After locating the line with "proof (rule sums_mult_eq_mult_suminf)" in the data that follows, return it and every later line exactly, up to and including the line with "< \<rho> \<longrightarrow>".

Dataset items:
□ □ □ □ □ □ □

(* Let $V:\mathbb{R}\to\mathbb{R}$ be analytic at the origin. Suppose that (1) there exist a function $f$ of $u$ (independent of $m$) and constants $c_m$ (independent of $u$) such that for every non-negative integer $m$, $$V^{(2m+1)}\left(\frac{u}{2}\right)=c_m\,f(u),$$ where $V^{(2m+1)}$ denotes the $(2m+1)$-th derivative of $V$; and (2) the series $\sum_{m=0}^{\infty}\frac{c_m\,v^{2m+1}}{2^{2m}(2m+1)!}$ converges in some neighborhood of $v=0$. Then $V$ is separable, with divisors $$F(u)=f(u),\qquad G(v)=\sum_{m=0}^{\infty}\frac{c_m\,v^{2m+1}}{2^{2m}(2m+1)!},$$ i.e. $V\left(\frac{u+v}{2}\right)-V\left(\frac{u-v}{2}\right)=F(u)\,G(v)$.
   Context: A potential $V(q)$ is called separable if $V\left(\frac{u+v}{2}\right)-V\left(\frac{u-v}{2}\right)=F(u)\,G(v)$ where $F$ and $G$ are univariate functions of $u$ and $v$ respectively; $F$ and $G$ are called the divisors of $V$. *)

theory Defs
  imports "HOL-Analysis.Analysis"
begin

definition real_analytic_at :: "(real \<Rightarrow> real) \<Rightarrow> real \<Rightarrow> bool" where
  "real_analytic_at V x0 \<longleftrightarrow>
     (\<exists>r>0. \<exists>a::nat \<Rightarrow> real. \<forall>x. \<bar>x - x0\<bar> < r \<longrightarrow> (\<lambda>n. a n * (x - x0) ^ n) sums V x)"

definition separable_on :: "(real \<times> real) set \<Rightarrow> (real \<Rightarrow> real) \<Rightarrow> (real \<Rightarrow> real) \<Rightarrow> (real \<Rightarrow> real) \<Rightarrow> bool" where
  "separable_on D V F G \<longleftrightarrow>
     (\<forall>(u, v) \<in> D. V ((u + v) / 2) - V ((u - v) / 2) = F u * G v)"

end

theory Submission
  imports Defs "HOL-Complex_Analysis.Complex_Analysis"
begin

text \<open>Expand V in its Taylor series about u/2 with increments v/2 and -v/2. In the difference
  the even terms cancel and the odd ones double; by hypothesis each odd derivative at u/2 is
  c m f(u), so the difference is f(u) times the series G(v). The Taylor expansion about u/2
  (not only about 0) is obtained by extending the real power series of V to a holomorphic function
  on a disc.\<close>

lemma real_power_series_holomorphic_extension:
  fixes a :: "nat \<Rightarrow> real"
  assumes power_series: "\<And>x. \<bar>x\<bar> < r \<Longrightarrow> (\<lambda>n. a n * x ^ n) sums V x"
  obtains g :: "complex \<Rightarrow> complex" where "g holomorphic_on ball 0 r"
    and "\<And>x. \<bar>x\<bar> < r \<Longrightarrow> g (of_real x) = of_real (V x)"
proof
  have of_real_sums: "(\<lambda>n. of_real (a n) * (of_real x :: complex) ^ n) sums of_real (V x)"
    if "\<bar>x\<bar> < r" for x
    using sums_of_real[OF power_series[OF that], where 'a = complex]
    by (simp only: of_real_mult of_real_power)
  have summable: "summable (\<lambda>n. of_real (a n) * z ^ n)" if "norm z < r" for z :: complex
  proof -
    define x where "x = (norm z + r) / 2"
    have "0 < r"
      using that norm_ge_zero[of z] by linarith
    then have "0 < x" "norm z < x" "x < r"
      using that by (auto simp: x_def add_nonneg_pos)
    then have "\<bar>x\<bar> < r" "norm z < norm (of_real x :: complex)"
      by auto
    then show ?thesis
      by (intro powser_inside[OF sums_summable[OF of_real_sums]])
  qed
  show "(\<lambda>z. \<Sum>n. of_real (a n) * z ^ n) holomorphic_on ball 0 r"
    by (rule power_series_holomorphic[where a = "\<lambda>n. of_real (a n)"])
      (simp add: summable summable_sums)
  show "(\<Sum>n. of_real (a n) * (of_real x :: complex) ^ n) = of_real (V x)" if "\<bar>x\<bar> < r" for x
    using of_real_sums[OF that] by (simp add: sums_iff)
qed

lemma higher_deriv_eq_Re_higher_deriv_extension:
  fixes V :: "real \<Rightarrow> real" and g :: "complex \<Rightarrow> complex"
  assumes holo: "g holomorphic_on ball 0 r"
    and ext: "\<And>x. \<bar>x\<bar> < r \<Longrightarrow> g (of_real x) = of_real (V x)"
    and x: "\<bar>x\<bar> < r"
  shows "(deriv ^^ n) V x = Re ((deriv ^^ n) g (of_real x))"
  using x
proof (induction n arbitrary: x)
  case 0
  then show ?case using ext by simp
next
  case (Suc n)
  have near: "\<forall>\<^sub>F y in nhds x. (deriv ^^ n) V y = Re ((deriv ^^ n) g (of_real y))"
    using eventually_nhds_in_open[of "ball 0 r" x] Suc by (auto elim!: eventually_mono)
  have "((deriv ^^ n) g has_field_derivative (deriv ^^ Suc n) g (of_real x)) (at (of_real x))"
    using holomorphic_higher_deriv[OF holo] Suc.prems
    by (auto intro!: holomorphic_derivI[where S = "ball 0 r"])
  then have "((\<lambda>t. Re ((deriv ^^ n) g (of_real t))) has_real_derivative
               Re ((deriv ^^ Suc n) g (of_real x))) (at x)"
    by (intro has_field_derivative_Re has_vector_derivative_real_field)
  then show ?case
    using deriv_cong_ev[OF near refl] by (simp add: DERIV_imp_deriv)
qed

lemma Re_divide_fact_mult_of_real_power:
  "Re (z / fact n * of_real h ^ n) = Re z / fact n * h ^ n"
proof -
  have "z / fact n * of_real h ^ n = z * of_real (h ^ n) / of_real (fact n)"
    by simp
  then show ?thesis
    by (simp only: Re_divide_of_real) simp
qed

lemma real_analytic_at_0_taylor_sums:
  assumes "real_analytic_at V 0"
  obtains r where "r > 0"
    and "\<And>w h. \<bar>w\<bar> + \<bar>h\<bar> < r \<Longrightarrow> (\<lambda>n. (deriv ^^ n) V w / fact n * h ^ n) sums V (w + h)"
proof -
  obtain r a where r: "r > 0" and power_series: "\<And>x. \<bar>x\<bar> < r \<Longrightarrow> (\<lambda>n. a n * x ^ n) sums V x"
    using assms unfolding real_analytic_at_def by auto
  obtain g where holo: "g holomorphic_on ball 0 r"
    and ext: "\<And>x. \<bar>x\<bar> < r \<Longrightarrow> g (of_real x) = of_real (V x)"
    using real_power_series_holomorphic_extension[OF power_series] by blast
  have "(\<lambda>n. (deriv ^^ n) V w / fact n * h ^ n) sums V (w + h)" if wh: "\<bar>w\<bar> + \<bar>h\<bar> < r" for w h
  proof -
    have w: "\<bar>w\<bar> < r" and w_plus_h: "\<bar>w + h\<bar> < r"
      using wh abs_triangle_ineq[of w h] by linarith+
    have "ball (of_real w) (r - \<bar>w\<bar>) \<subseteq> ball (0::complex) r"
      by (simp add: ball_subset_ball_iff)
    moreover have "of_real (w + h) \<in> ball (of_real w :: complex) (r - \<bar>w\<bar>)"
      using wh by (simp add: dist_norm flip: of_real_diff)
    ultimately have "(\<lambda>n. (deriv ^^ n) g (of_real w) / fact n * (of_real (w + h) - of_real w) ^ n)
                       sums g (of_real (w + h))"
      by (rule holomorphic_power_series[OF holomorphic_on_subset[OF holo]])
    then have "(\<lambda>n. (deriv ^^ n) g (of_real w) / fact n * of_real h ^ n) sums g (of_real (w + h))"
      by simp
    then have "(\<lambda>n. Re ((deriv ^^ n) g (of_real w) / fact n * of_real h ^ n)) sums V (w + h)"
      using sums_Re by (fastforce simp only: ext[OF w_plus_h] Re_complex_of_real)
    then show ?thesis
      by (simp only: Re_divide_fact_mult_of_real_power
          higher_deriv_eq_Re_higher_deriv_extension[OF holo ext w])
  qed
  with r that show ?thesis by blast
qed

lemma sums_odd_part:
  fixes d :: "nat \<Rightarrow> 'a::real_normed_algebra_1"
  assumes "(\<lambda>n. d n * h ^ n) sums A" and "(\<lambda>n. d n * (- h) ^ n) sums B"
  shows "(\<lambda>m. 2 * (d (2 * m + 1) * h ^ (2 * m + 1))) sums (A - B)"
proof -
  have "(\<lambda>n. d n * h ^ n - d n * (- h) ^ n) sums (A - B)"
    using sums_diff[OF assms] .
  moreover have "d n * h ^ n - d n * (- h) ^ n = 0" if "n \<notin> range (\<lambda>m. 2 * m + 1)" for n
  proof -
    have "even n"
      using that by (metis oddE rangeI)
    then show ?thesis
      by simp
  qed
  ultimately have "(\<lambda>m. d (2 * m + 1) * h ^ (2 * m + 1) - d (2 * m + 1) * (- h) ^ (2 * m + 1)) sums (A - B)"
    using sums_mono_reindex[of "\<lambda>m. 2 * m + 1" "\<lambda>n. d n * h ^ n - d n * (- h) ^ n"]
    by (auto simp: strict_mono_def)
  moreover have "d (2 * m + 1) * h ^ (2 * m + 1) - d (2 * m + 1) * (- h) ^ (2 * m + 1)
                   = 2 * (d (2 * m + 1) * h ^ (2 * m + 1))" for m
    by (simp add: power_minus_odd mult_2 del: power_Suc)
  ultimately show ?thesis
    by simp
qed

lemma sums_mult_eq_mult_suminf:
  fixes g :: "nat \<Rightarrow> 'a::real_normed_field"
  assumes "(\<lambda>n. F * g n) sums S"
  shows "S = F * suminf g"
proof (cases "F = 0")
  case True
  with assms have "(\<lambda>n. 0) sums S"
    by simp
  then show ?thesis
    using True sums_unique2[OF sums_zero] by simp
next
  case False
  then show ?thesis using sums_mult_D[OF assms] by (simp add: sums_iff)
qed

lemma odd_derivatives_separation:
  fixes V :: "real \<Rightarrow> real" and c :: "nat \<Rightarrow> real"
  assumes plus: "(\<lambda>n. (deriv ^^ n) V (u / 2) / fact n * (v / 2) ^ n) sums V ((u + v) / 2)"
    and minus: "(\<lambda>n. (deriv ^^ n) V (u / 2) / fact n * (- v / 2) ^ n) sums V ((u - v) / 2)"
    and odd: "\<And>m. (deriv ^^ (2 * m + 1)) V (u / 2) = c m * F"
  shows "V ((u + v) / 2) - V ((u - v) / 2)
           = F * (\<Sum>m. c m * v ^ (2 * m + 1) / (2 ^ (2 * m) * fact (2 * m + 1)))"
proof (rule sums_mult_eq_mult_suminf)
  have "2 * ((deriv ^^ (2 * m + 1)) V (u / 2) / fact (2 * m + 1) * (v / 2) ^ (2 * m + 1))
          = F * (c m * v ^ (2 * m + 1) / (2 ^ (2 * m) * fact (2 * m + 1)))" for m
    unfolding odd by (simp add: power_divide ac_simps)
  then show "(\<lambda>m. F * (c m * v ^ (2 * m + 1) / (2 ^ (2 * m) * fact (2 * m + 1))))
               sums (V ((u + v) / 2) - V ((u - v) / 2))"
    using sums_odd_part[OF plus] minus by (simp del: power_Suc)
qed

theorem theorem2:
  fixes V f :: "real \<Rightarrow> real" and c :: "nat \<Rightarrow> real"
  assumes analytic: "real_analytic_at V 0"
    and derivs: "\<exists>\<epsilon>>0. \<forall>u. \<bar>u\<bar> < \<epsilon> \<longrightarrow>
                   (\<forall>m::nat. (deriv ^^ (2 * m + 1)) V (u / 2) = c m * f u)"
    and conv: "\<exists>\<rho>>0. \<forall>v::real. \<bar>v\<bar> < \<rho> \<longrightarrow>
                 summable (\<lambda>m. c m * v ^ (2 * m + 1) / (2 ^ (2 * m) * fact (2 * m + 1)))"
  shows "\<exists>\<delta>>0. separable_on {(u, v). \<bar>u\<bar> < \<delta> \<and> \<bar>v\<bar> < \<delta>} V f
           (\<lambda>v. \<Sum>m. c m * v ^ (2 * m + 1) / (2 ^ (2 * m) * fact (2 * m + 1)))"
proof -
  obtain r where r: "r > 0" and taylor:
    "\<And>w h. \<bar>w\<bar> + \<bar>h\<bar> < r \<Longrightarrow> (\<lambda>n. (deriv ^^ n) V w / fact n * h ^ n) sums V (w + h)"
    using real_analytic_at_0_taylor_sums[OF analytic] by blast
  obtain \<epsilon> where \<epsilon>: "\<epsilon> > 0"
    and odd: "\<And>u m. \<bar>u\<bar> < \<epsilon> \<Longrightarrow> (deriv ^^ (2 * m + 1)) V (u / 2) = c m * f u"
    using derivs by blast
  have "V ((u + v) / 2) - V ((u - v) / 2)
          = f u * (\<Sum>m. c m * v ^ (2 * m + 1) / (2 ^ (2 * m) * fact (2 * m + 1)))"
    if "\<bar>u\<bar> < min r \<epsilon>" "\<bar>v\<bar> < min r \<epsilon>" for u v
    using that taylor[of "u / 2" "v / 2"] taylor[of "u / 2" "- v / 2"]
    by (intro odd_derivatives_separation odd) (auto simp: add_divide_distrib diff_divide_distrib)
  then show ?thesis
    using r \<epsilon> unfolding separable_on_def by (intro exI[of _ "min r \<epsilon>"]) auto
qed

end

□ □ □ □ □ □ □

[Answer section]
proof (rule sums_mult_eq_mult_suminf)
  have "2 * ((deriv ^^ (2 * m + 1)) V (u / 2) / fact (2 * m + 1) * (v / 2) ^ (2 * m + 1))
          = F * (c m * v ^ (2 * m + 1) / (2 ^ (2 * m) * fact (2 * m + 1)))" for m
    unfolding odd by (simp add: power_divide ac_simps)
  then show "(\<lambda>m. F * (c m * v ^ (2 * m + 1) / (2 ^ (2 * m) * fact (2 * m + 1))))
               sums (V ((u + v) / 2) - V ((u - v) / 2))"
    using sums_odd_part[OF plus] minus by (simp del: power_Suc)
qed

theorem theorem2:
  fixes V f :: "real \<Rightarrow> real" and c :: "nat \<Rightarrow> real"
  assumes analytic: "real_analytic_at V 0"
    and derivs: "\<exists>\<epsilon>>0. \<forall>u. \<bar>u\<bar> < \<epsilon> \<longrightarrow>
                   (\<forall>m::nat. (deriv ^^ (2 * m + 1)) V (u / 2) = c m * f u)"
    and conv: "\<exists>\<rho>>0. \<forall>v::real. \<bar>v\<bar> < \<rho> \<longrightarrow>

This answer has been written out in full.